--- Work required ---
What lines in the records below include the word "imports"? Return each one.

--- Data supplied ---
*** Begin section ***

(* Let $\mathcal{F}=(W,R)$ be a finite transitive frame and let $X_\mathcal{F}$ be constructed as described in the context. If $X_C$ is a T$_D$ space for every cluster $C$ of $\mathcal{F}$, then $X_\mathcal{F}$ is a T$_D$ space.
   Context: For a space $X$ and $Y\subseteq X$, $\mathrm{d}_X Y$ is the set of limit points of $Y$ ($x$ such that every set $O-\{x\}$, $O$ an open neighbourhood of $x$, meets $Y$). $X$ is T$_D$ if $\mathrm{d}_X\{x\}$ is closed for every $x\in X$. A subset $S$ is dense in $X$ if its closure is $X$, crowded in $X$ if $S\subseteq\mathrm{d}_XS$. A partition is dense (resp. crowded) if all its cells are dense (resp. crowded). For a transitive frame $(W,R)$: clusters are equivalence classes of $\{(x,y):x=y\text{ or }xRyRx\}$; the cluster of $x$ is degenerate if $x$ is irreflexive (then it is $\{x\}$), non-degenerate otherwise; $CRC'$ for clusters iff $xRy$ for representatives; $CR^\uparrow C'$ means $CRC'$ and not $C'RC$. Construction of $X_\mathcal{F}$: let $\mathscr{C}$ be the set of clusters of the finite transitive frame $\mathcal{F}$. For each $C\in\mathscr{C}$ choose a space $X_C$ with a partition $\{X_w:w\in C\}$: if $C=\{w\}$ is degenerate, $X_C=X_w=\{w\}$; if $C=\{w_1,\dots,w_k\}$ is non-degenerate, $X_C$ is a space with a crowded dense $k$-partition with cells labelled $X_{w_1},\dots,X_{w_k}$. The $X_C$ are pairwise disjoint. $X_\mathcal{F}=\bigcup_{C}X_C$, where $O\subseteq X_\mathcal{F}$ is open iff for every $C$, $O\cap X_C$ is open in $X_C$, and if $O\cap X_C\ne\emptyset$ then $X_{C'}\subseteq O$ for all $C'$ with $CR^\uparrow C'$. *)

theory Defs
  imports "HOL-Analysis.Analysis"
begin

definition TD_space :: "'a topology \<Rightarrow> bool" where
  "TD_space X \<longleftrightarrow> (\<forall>x\<in>topspace X. closedin X (X derived_set_of {x}))"

definition crowded_in :: "'a topology \<Rightarrow> 'a set \<Rightarrow> bool" where
  "crowded_in X S \<longleftrightarrow> S \<subseteq> X derived_set_of S"

definition dense_in :: "'a topology \<Rightarrow> 'a set \<Rightarrow> bool" where
  "dense_in X S \<longleftrightarrow> X closure_of S = topspace X"

definition finite_transitive_frame :: "'w set \<Rightarrow> ('w \<Rightarrow> 'w \<Rightarrow> bool) \<Rightarrow> bool" where
  "finite_transitive_frame W R \<longleftrightarrow> finite W \<and> (\<forall>x y. R x y \<longrightarrow> x \<in> W \<and> y \<in> W)
     \<and> (\<forall>x y z. R x y \<longrightarrow> R y z \<longrightarrow> R x z)"

definition cluster_rel :: "'w set \<Rightarrow> ('w \<Rightarrow> 'w \<Rightarrow> bool) \<Rightarrow> 'w rel" where
  "cluster_rel W R = {(x,y). x \<in> W \<and> y \<in> W \<and> (x = y \<or> (R x y \<and> R y x))}"

definition clusters :: "'w set \<Rightarrow> ('w \<Rightarrow> 'w \<Rightarrow> bool) \<Rightarrow> 'w set set" where
  "clusters W R = W // cluster_rel W R"

definition degenerate_cluster :: "('w \<Rightarrow> 'w \<Rightarrow> bool) \<Rightarrow> 'w set \<Rightarrow> bool" where
  "degenerate_cluster R C \<longleftrightarrow> (\<exists>w. C = {w} \<and> \<not> R w w)"

definition cluster_R :: "('w \<Rightarrow> 'w \<Rightarrow> bool) \<Rightarrow> 'w set \<Rightarrow> 'w set \<Rightarrow> bool" where
  "cluster_R R C C' \<longleftrightarrow> (\<exists>x\<in>C. \<exists>y\<in>C'. R x y)"

definition cluster_R_up :: "('w \<Rightarrow> 'w \<Rightarrow> bool) \<Rightarrow> 'w set \<Rightarrow> 'w set \<Rightarrow> bool" where
  "cluster_R_up R C C' \<longleftrightarrow> cluster_R R C C' \<and> \<not> cluster_R R C' C"

definition XC :: "('w \<Rightarrow> 'a set) \<Rightarrow> 'w set \<Rightarrow> 'a set" where
  "XC Xw C = (\<Union>w\<in>C. Xw w)"

definition XF_data :: "'w set \<Rightarrow> ('w \<Rightarrow> 'w \<Rightarrow> bool) \<Rightarrow> ('w \<Rightarrow> 'a set) \<Rightarrow> ('w set \<Rightarrow> 'a topology) \<Rightarrow> bool" where
  "XF_data W R Xw T \<longleftrightarrow>
     (\<forall>v\<in>W. \<forall>w\<in>W. v \<noteq> w \<longrightarrow> Xw v \<inter> Xw w = {}) \<and>
     (\<forall>C\<in>clusters W R. topspace (T C) = XC Xw C \<and>
        (degenerate_cluster R C \<longrightarrow> (\<forall>w\<in>C. \<exists>p. Xw w = {p})) \<and>
        (\<not> degenerate_cluster R C \<longrightarrow>
           (\<forall>w\<in>C. Xw w \<noteq> {} \<and> crowded_in (T C) (Xw w) \<and> dense_in (T C) (Xw w))))"

definition XF :: "'w set \<Rightarrow> ('w \<Rightarrow> 'w \<Rightarrow> bool) \<Rightarrow> ('w \<Rightarrow> 'a set) \<Rightarrow> ('w set \<Rightarrow> 'a topology) \<Rightarrow> 'a topology" where
  "XF W R Xw T = topology (\<lambda>U. U \<subseteq> (\<Union>C\<in>clusters W R. XC Xw C) \<and>
     (\<forall>C\<in>clusters W R. openin (T C) (U \<inter> XC Xw C) \<and>
        (U \<inter> XC Xw C \<noteq> {} \<longrightarrow>
           (\<forall>C'\<in>clusters W R. cluster_R_up R C C' \<longrightarrow> XC Xw C' \<subseteq> U))))"

end

theory Submission
  imports Defs
begin

text \<open>
  \<open>X\<^sub>\<F>\<close> is an ordered sum of the spaces \<open>X\<^sub>C\<close> along the strict order \<open>R\<^sup>\<up>\<close> on clusters.
  An open set of \<open>X\<^sub>C\<close>, enlarged by all summands above \<open>C\<close>, is open in \<open>X\<^sub>\<F>\<close>. Hence
  \<open>X\<^sub>C\<close> is a subspace of \<open>X\<^sub>\<F>\<close>, and a point of a summand above \<open>C\<close> has a neighbourhood
  missing \<open>X\<^sub>C\<close>, so it is never a limit point of \<open>x \<in> X\<^sub>C\<close>. Consequently the enlargement
  of an open neighbourhood of \<open>x\<close> in \<open>X\<^sub>C\<close> avoiding \<open>d{x}\<close> is an open neighbourhood
  of \<open>x\<close> in \<open>X\<^sub>\<F>\<close> avoiding \<open>d{x}\<close>, and such neighbourhoods characterise \<open>T\<^sub>D\<close> spaces.
\<close>

lemma TD_space_iff_nbhd_disjnt_derived_set:
  "TD_space X \<longleftrightarrow>
     (\<forall>x\<in>topspace X. \<exists>U. openin X U \<and> x \<in> U \<and> disjnt U (X derived_set_of {x}))"
proof
  assume TD: "TD_space X"
  show "\<forall>x\<in>topspace X. \<exists>U. openin X U \<and> x \<in> U \<and> disjnt U (X derived_set_of {x})"
  proof
    fix x assume "x \<in> topspace X"
    moreover have "x \<notin> X derived_set_of {x}"
      by (auto simp: in_derived_set_of)
    ultimately show "\<exists>U. openin X U \<and> x \<in> U \<and> disjnt U (X derived_set_of {x})"
      using TD unfolding TD_space_def
      by (intro exI[of _ "topspace X - X derived_set_of {x}"]) (auto simp: disjnt_iff)
  qed
next
  assume nbhd: "\<forall>x\<in>topspace X. \<exists>U. openin X U \<and> x \<in> U \<and> disjnt U (X derived_set_of {x})"
  show "TD_space X"
    unfolding TD_space_def
  proof
    fix x assume "x \<in> topspace X"
    with nbhd obtain U where U: "openin X U" "x \<in> U" "disjnt U (X derived_set_of {x})"
      by blast
    have "X derived_set_of {x} = X closure_of {x} - U"
      using U by (auto simp: closure_of_alt disjnt_iff in_derived_set_of)
    then show "closedin X (X derived_set_of {x})"
      using U(1) by (simp add: closedin_diff)
  qed
qed

definition ordered_sum_open ::
    "'i set \<Rightarrow> ('i \<Rightarrow> 'a topology) \<Rightarrow> ('i \<Rightarrow> 'i \<Rightarrow> bool) \<Rightarrow> 'a set \<Rightarrow> bool" where
  "ordered_sum_open I T r U \<longleftrightarrow> U \<subseteq> (\<Union>i\<in>I. topspace (T i)) \<and>
     (\<forall>i\<in>I. openin (T i) (U \<inter> topspace (T i)) \<and>
        (U \<inter> topspace (T i) \<noteq> {} \<longrightarrow> (\<forall>j\<in>I. r i j \<longrightarrow> topspace (T j) \<subseteq> U)))"

definition ordered_sum_topology ::
    "'i set \<Rightarrow> ('i \<Rightarrow> 'a topology) \<Rightarrow> ('i \<Rightarrow> 'i \<Rightarrow> bool) \<Rightarrow> 'a topology" where
  "ordered_sum_topology I T r = topology (ordered_sum_open I T r)"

*** End section ***

--- Answer to this problem ---
  imports "HOL-Analysis.Analysis"
  imports Defs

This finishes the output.